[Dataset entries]

lemma lyapunov_series_form:
  fixes A Q :: "real^'n^'n"
  assumes Q: "Q \<in> psd_ker E" and decay: "decays_exponentially (\<lambda>x. sqrt (x \<bullet> (Q *v x))) A"
  shows "summable (\<lambda>k. orbit A x k \<bullet> (Q *v orbit A y k))"
    and "x \<bullet> (lyapunov_series A Q *v y) = (\<Sum>k. orbit A x k \<bullet> (Q *v orbit A y k))"
proof -
  define M where "M k = transpose (matpow A k) ** Q ** matpow A k" for k
  have M: "x \<bullet> (M k *v y) = orbit A x k \<bullet> (Q *v orbit A y k)" for k x y
  proof -
    have "M k *v y = transpose (matpow A k) *v (Q *v orbit A y k)"
      unfolding M_def by (simp add: matrix_vector_mul_assoc[symmetric] matpow_mult_vec)
    then show ?thesis by (simp only: inner_transpose matpow_mult_vec)
  qed
  obtain C r where Cr: "C > 0" "0 \<le> r" "r < 1" "\<And>k x y. \<bar>orbit A x k \<bullet> (Q *v orbit A y k)\<bar>
      \<le> C * r ^ k * (sqrt (x \<bullet> (Q *v x)) * sqrt (y \<bullet> (Q *v y)))"
    by (fact orbit_form_bound[OF Q decay])
  obtain K where K: "K \<ge> 0" "\<And>x. sqrt (x \<bullet> (Q *v x)) \<le> K * norm x"
    using seminorm_le_norm[OF seminorm_sqrt_psd[OF Q]] by blast
  have "\<bar>M k $ i $ j\<bar> \<le> (C * K\<^sup>2) * r ^ k" for k i j
  proof -
    have "\<bar>M k $ i $ j\<bar> = \<bar>orbit A (axis i 1) k \<bullet> (Q *v orbit A (axis j 1) k)\<bar>"
      using M[of "axis i 1" k "axis j 1"] by (simp add: inner_axis' matrix_vector_mult_basis column_def)
    also have "\<dots> \<le> C * r ^ k * (K * K)"
      using Cr(1,2) K(1) psd_kerD(2)[OF Q] K(2)[of "axis _ 1"]
      by (intro order.trans[OF Cr(4)] mult_left_mono mult_mono) auto
    finally show ?thesis by (simp add: power2_eq_square mult_ac)
  qed
  then have "summable M" by (rule summable_matrix_geometric[OF Cr(2,3)])
  from form_suminf_matrix[OF this, of x y]
  show "summable (\<lambda>k. orbit A x k \<bullet> (Q *v orbit A y k))"
    and "x \<bullet> (lyapunov_series A Q *v y) = (\<Sum>k. orbit A x k \<bullet> (Q *v orbit A y k))"
    unfolding lyapunov_series_def M_def[symmetric] M by simp_all
qed

lemma lyapunov_series_solves:
  fixes A Q :: "real^'n^'n"
  assumes Q: "Q \<in> psd_ker E" and decay: "decays_exponentially (\<lambda>x. sqrt (x \<bullet> (Q *v x))) A"
  shows "transpose A ** lyapunov_series A Q ** A - lyapunov_series A Q + Q = 0"
proof (rule matrix_eqI_forms)
  fix x y
  let ?P = "lyapunov_series A Q" and ?b = "\<lambda>k. orbit A x k \<bullet> (Q *v orbit A y k)"
  have "x \<bullet> ((transpose A ** ?P ** A) *v y) = (\<Sum>k. ?b (Suc k))"
    unfolding inner_congruence lyapunov_series_form(2)[OF Q decay] orbit_Suc_right ..
  also have "\<dots> = x \<bullet> (?P *v y) - x \<bullet> (Q *v y)"
    unfolding lyapunov_series_form(2)[OF Q decay] suminf_split_head[OF lyapunov_series_form(1)[OF Q decay]]
    by simp
  finally show "x \<bullet> ((transpose A ** ?P ** A - ?P + Q) *v y) = x \<bullet> (0 *v y)"
    by (simp add: matrix_vector_mult_add_rdistrib matrix_vector_mult_diff_rdistrib
        inner_add_right inner_diff_right)
qed

lemma lyapunov_series_in_psd_ker:
  fixes A Q :: "real^'n^'n"
  assumes Q: "Q \<in> psd_ker E" and decay: "decays_exponentially (\<lambda>x. sqrt (x \<bullet> (Q *v x))) A"
  shows "lyapunov_series A Q \<in> psd_ker E"
proof -
  note Q' = psd_kerD[OF Q] and form = lyapunov_series_form[OF Q decay]
  let ?P = "lyapunov_series A Q"
  have "transpose ?P = ?P"
  proof (rule matrix_eqI_forms)
    fix x y
    have "y \<bullet> (?P *v x) = x \<bullet> (?P *v y)" unfolding form(2) by (simp add: inner_symmetric_matrix[OF Q'(1)])
    then show "x \<bullet> (transpose ?P *v y) = x \<bullet> (?P *v y)"
      unfolding inner_transpose by (simp only: inner_commute[of "?P *v x"])
  qed
  moreover have "0 \<le> x \<bullet> (?P *v x)" for x
    unfolding form(2) by (rule suminf_nonneg[OF form(1) Q'(2)])
  moreover have "?P *v x = 0 \<longleftrightarrow> x \<in> E" for x
  proof
    assume "?P *v x = 0"
    have "x \<bullet> (Q *v x) \<le> (\<Sum>k. orbit A x k \<bullet> (Q *v orbit A x k))"
      using sum_le_suminf[OF form(1), of "{0}"] Q'(2) by simp
    then have "x \<bullet> (Q *v x) \<le> 0" using \<open>?P *v x = 0\<close> form(2)[of x x] by simp
    then have "Q *v x = 0" using psd_eq_0_if_form_eq_0[OF Q'(1,2)] Q'(2)[of x] by simp
    then show "x \<in> E" using Q'(3) by simp
  next
    assume "x \<in> E"
    have "\<forall>x\<in>E. A *v x \<in> E"
      using decays_exponentially_imp_invariant[OF seminorm_sqrt_psd[OF Q] decay] seminorm_ker_sqrt_psd[OF Q]
      by simp
    then have "Q *v orbit A x k = 0" for k using \<open>x \<in> E\<close> Q'(3) orbit_invariant by blast
    then have "(?P *v x) \<bullet> (?P *v x) = 0" using form(2)[of "?P *v x" x] by simp
    then show "?P *v x = 0" by simp
  qed
  ultimately show ?thesis unfolding psd_ker_def by auto
qed

lemma lyapunov_solution_unique:
  fixes A P1 P2 Q :: "real^'n^'n"
  assumes P1: "P1 \<in> psd_ker E" "decays_exponentially (\<lambda>x. sqrt (x \<bullet> (P1 *v x))) A"
      "transpose A ** P1 ** A - P1 + Q = 0"
    and P2: "P2 \<in> psd_ker E" "decays_exponentially (\<lambda>x. sqrt (x \<bullet> (P2 *v x))) A"
      "transpose A ** P2 ** A - P2 + Q = 0"
  shows "P1 = P2"
proof (rule matrix_eqI_forms)
  fix x y
  define d where "d k = orbit A x k \<bullet> (P1 *v orbit A y k) - orbit A x k \<bullet> (P2 *v orbit A y k)" for k
  have d_Suc: "d (Suc k) = d k" for k
    unfolding d_def orbit_Suc lyapunov_form[OF P1(3)] lyapunov_form[OF P2(3)] by simp
  have "d = (\<lambda>k. d 0)"
  proof
    show "d k = d 0" for k by (induction k) (simp_all add: d_Suc)
  qed
  moreover have "d \<longlonglongrightarrow> 0 - 0"
    unfolding d_def
    by (rule tendsto_diff[OF orbit_form_tendsto_zero[OF P1(1,2)] orbit_form_tendsto_zero[OF P2(1,2)]])
  ultimately have "(\<lambda>k. d 0) \<longlonglongrightarrow> 0" by simp
  then have "d 0 = 0" by (simp add: LIMSEQ_const_iff)
  then show "x \<bullet> (P1 *v y) = x \<bullet> (P2 *v y)" unfolding d_def by simp
qed

lemma cond4_imp_cond2:
  assumes "cond4 A E"
  shows "cond2 A E"
proof -
  obtain P Q where P: "P \<in> psd_ker E" and Q: "Q \<in> psd_ker E"
    and eq: "transpose A ** P ** A - P + Q = 0"
    using assms unfolding cond4_def by blast
  show ?thesis unfolding cond2_iff_decays
    using seminorm_sqrt_psd[OF P] seminorm_ker_sqrt_psd[OF P] lyapunov_imp_decays[OF P Q eq] by blast
qed

lemma cond2_imp_cond3:
  assumes "cond2 A E"
  shows "cond3 A E"
proof -
  obtain p where p: "seminorm p" "seminorm_ker p = E" "decays_exponentially p A"
    using assms unfolding cond2_iff_decays by blast
  show ?thesis unfolding cond3_iff_decays
  proof (intro allI impI, elim conjE)
    fix q assume "seminorm q" "seminorm_ker q = E"
    then show "decays_exponentially q A" using decays_exponentially_same_ker[OF p(1)] p(2,3) by simp
  qed
qed

lemma cond2_imp_cond5:
  assumes "cond2 A E"
  shows "cond5 A E"
  unfolding cond5_def
proof (intro ballI ex_ex1I)
  have decays: "decays_exponentially (\<lambda>x. sqrt (x \<bullet> (P *v x))) A" if "P \<in> psd_ker E" for P
    using cond2_imp_cond3[OF assms] seminorm_sqrt_psd[OF that] seminorm_ker_sqrt_psd[OF that]
    unfolding cond3_iff_decays by simp
  fix Q assume Q: "Q \<in> psd_ker E"
  show "\<exists>P. P \<in> psd_ker E \<and> transpose A ** P ** A - P + Q = 0"
    using lyapunov_series_in_psd_ker[OF Q decays[OF Q]] lyapunov_series_solves[OF Q decays[OF Q]] by blast
  fix P1 P2
  assume "P1 \<in> psd_ker E \<and> transpose A ** P1 ** A - P1 + Q = 0"
    and "P2 \<in> psd_ker E \<and> transpose A ** P2 ** A - P2 + Q = 0"
  then have P1: "P1 \<in> psd_ker E" "transpose A ** P1 ** A - P1 + Q = 0"
    and P2: "P2 \<in> psd_ker E" "transpose A ** P2 ** A - P2 + Q = 0" by simp_all
  show "P1 = P2"
    by (rule lyapunov_solution_unique[OF P1(1) decays[OF P1(1)] P1(2) P2(1) decays[OF P2(1)] P2(2)])
qed

lemma cond5_imp_cond4:
  assumes "subspace E" "cond5 A E"
  shows "cond4 A E"
proof -
  obtain Pr where "perp_projector E Pr" using perp_projector_exists[OF assms(1)] .
  then have "Pr \<in> psd_ker E" by (rule perp_projector.proj_in_psd_ker)
  then show ?thesis using assms(2) unfolding cond5_def cond4_def by blast
qed

lemma cond3_imp_cond2:
  assumes "subspace E" "cond3 A E"
  shows "cond2 A E"
proof -
  obtain Pr where "perp_projector E Pr" using perp_projector_exists[OF assms(1)] .
  then have "seminorm (\<lambda>x. norm (Pr *v x))" "seminorm_ker (\<lambda>x. norm (Pr *v x)) = E"
    by (simp_all add: seminorm_norm_matrix perp_projector.seminorm_ker_norm_proj)
  then show ?thesis using assms(2) unfolding cond2_iff_decays cond3_iff_decays by blast
qed

section \<open>Complexification and generalized eigenvectors\<close>

definition re_vec :: "complex^'n \<Rightarrow> real^'n" where "re_vec z = (\<chi> i. Re (z $ i))"
definition im_vec :: "complex^'n \<Rightarrow> real^'n" where "im_vec z = (\<chi> i. Im (z $ i))"
definition cnj_vec :: "complex^'n \<Rightarrow> complex^'n" where "cnj_vec z = (\<chi> i. cnj (z $ i))"

lemma cvec_nth [simp]: "cvec x $ i = complex_of_real (x $ i)" by (simp add: cvec_def)
lemma cmat_nth [simp]: "cmat M $ i $ j = complex_of_real (M $ i $ j)" by (simp add: cmat_def)
lemma re_vec_nth [simp]: "re_vec z $ i = Re (z $ i)" by (simp add: re_vec_def)
lemma im_vec_nth [simp]: "im_vec z $ i = Im (z $ i)" by (simp add: im_vec_def)
lemma cnj_vec_nth [simp]: "cnj_vec z $ i = cnj (z $ i)" by (simp add: cnj_vec_def)

lemma cvec_0 [simp]: "cvec 0 = 0" by (simp add: vec_eq_iff)
lemma cvec_add: "cvec (x + y) = cvec x + cvec y" by (simp add: vec_eq_iff)
lemma cvec_scaleR: "cvec (c *\<^sub>R x) = complex_of_real c *s cvec x" by (simp add: vec_eq_iff)
lemma re_vec_cvec [simp]: "re_vec (cvec x) = x" by (simp add: vec_eq_iff)
lemma re_vec_add: "re_vec (z + w) = re_vec z + re_vec w" by (simp add: vec_eq_iff)
lemma cnj_vec_0 [simp]: "cnj_vec 0 = 0" by (simp add: vec_eq_iff)
lemma cnj_vec_add: "cnj_vec (z + w) = cnj_vec z + cnj_vec w" by (simp add: vec_eq_iff)
lemma cnj_vec_diff: "cnj_vec (z - w) = cnj_vec z - cnj_vec w" by (simp add: vec_eq_iff)
lemma cnj_vec_scale: "cnj_vec (c *s z) = cnj c *s cnj_vec z" by (simp add: vec_eq_iff)
lemma cnj_vec_eq_0_iff [simp]: "cnj_vec z = 0 \<longleftrightarrow> z = 0" by (simp add: vec_eq_iff)

lemma re_vec_cmat_mult: "re_vec (cmat M *v z) = M *v re_vec z"
  by (simp add: vec_eq_iff matrix_vector_mult_def Re_sum)

lemma im_vec_cmat_mult: "im_vec (cmat M *v z) = M *v im_vec z"
  by (simp add: vec_eq_iff matrix_vector_mult_def Im_sum)

lemma cnj_vec_cmat_mult: "cnj_vec (cmat M *v z) = cmat M *v cnj_vec z"
  by (simp add: vec_eq_iff matrix_vector_mult_def)

lemma cmat_mult_cvec: "cmat M *v cvec x = cvec (M *v x)"
  by (simp add: vec_eq_iff matrix_vector_mult_def)

lemma vec_eq_0_iff_re_im: "z = 0 \<longleftrightarrow> re_vec z = 0 \<and> im_vec z = 0"
  by (auto simp: vec_eq_iff complex_eq_iff)

lemma cvec_re_vec: "cvec (re_vec z) = (1/2) *s (z + cnj_vec z)"
  by (simp add: vec_eq_iff complex_eq_iff)

lemma norm_vec_power2: "(norm x)\<^sup>2 = (\<Sum>i\<in>UNIV. (norm (x $ i))\<^sup>2)" for x :: "'a::real_normed_vector^'n"
  unfolding norm_vec_def L2_set_def by (simp add: sum_nonneg)

lemma norm_cvec_squared: "(norm z)\<^sup>2 = (norm (re_vec z))\<^sup>2 + (norm (im_vec z))\<^sup>2"
  unfolding norm_vec_power2 by (simp add: cmod_power2 sum.distrib)

lemma norm_re_vec_le: "norm (re_vec z) \<le> norm z"
  by (rule power2_le_imp_le) (simp_all add: norm_cvec_squared)

lemma norm_le_re_vec_im_vec: "norm z \<le> norm (re_vec z) + norm (im_vec z)"
  by (rule power2_le_imp_le) (simp_all add: norm_cvec_squared power2_sum)

lemma norm_scalar_mult_cvec: "norm (c *s z) = cmod c * norm z" for z :: "complex^'n"
  unfolding norm_vec_def by (simp add: norm_mult L2_set_right_distrib)

definition corbit :: "real^'n^'n \<Rightarrow> complex^'n \<Rightarrow> nat \<Rightarrow> complex^'n" where
  "corbit A z k = (((*v) (cmat A)) ^^ k) z"

lemma corbit_0 [simp]: "corbit A z 0 = z"
  by (simp add: corbit_def)

lemma corbit_Suc: "corbit A z (Suc k) = cmat A *v corbit A z k"
  by (simp add: corbit_def)

lemma corbit_Suc_right: "corbit A z (Suc k) = corbit A (cmat A *v z) k"
  by (simp add: corbit_def funpow_Suc_right del: funpow.simps)

lemma corbit_add: "corbit A (z + w) k = corbit A z k + corbit A w k"
  by (induction k) (simp_all add: corbit_Suc matrix_vector_right_distrib)

lemma corbit_scale: "corbit A (c *s z) k = c *s corbit A z k"
  by (induction k) (simp_all add: corbit_Suc vector_scalar_commute)

lemma corbit_zero [simp]: "corbit A 0 = (\<lambda>k. 0)"
proof
  show "corbit A 0 k = 0" for k by (induction k) (simp_all add: corbit_Suc)
qed

lemma re_vec_corbit: "re_vec (corbit A z k) = orbit A (re_vec z) k"
  by (induction k) (simp_all add: corbit_Suc orbit_Suc re_vec_cmat_mult)

lemma im_vec_corbit: "im_vec (corbit A z k) = orbit A (im_vec z) k"
  by (induction k) (simp_all add: corbit_Suc orbit_Suc im_vec_cmat_mult)

abbreviation shift :: "real^'n^'n \<Rightarrow> complex \<Rightarrow> complex^'n^'n" where
  "shift A l \<equiv> cmat A - (\<chi> i j. if i = j then l else 0)"

lemma shift_mult: "shift A l *v w = cmat A *v w - l *s w"
proof -
  have "(\<chi> i j. if i = j then l else 0) *v w = l *s w"
    by (simp add: vec_eq_iff matrix_vector_mult_def if_distrib[of "\<lambda>a. a * _"] cong: if_cong)
  then show ?thesis by (simp add: matrix_vector_mult_diff_rdistrib)
qed

lemma cnj_vec_shift_power:
  "cnj_vec ((((*v) (shift A l)) ^^ k) w) = (((*v) (shift A (cnj l))) ^^ k) (cnj_vec w)"
  by (induction k) (simp_all add: shift_mult cnj_vec_diff cnj_vec_cmat_mult cnj_vec_scale)

abbreviation unstable_gen_eigenvectors :: "real^'n^'n \<Rightarrow> (complex^'n) set" where
  "unstable_gen_eigenvectors A \<equiv> {v. \<exists>l. cmod l \<ge> 1 \<and> gen_eigenvector A l v}"

lemma E_ge1_subspace: "subspace (E_ge1 A)"
  unfolding subspace_def E_ge1_def
  by (auto simp: cvec_add cvec_scaleR vec.span_zero vec.span_add vec.span_scale)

How to complete this task:
Once you have checked the entries above, say how many lines include the word "summable", and nothing beyond the number.

Worked solution:
3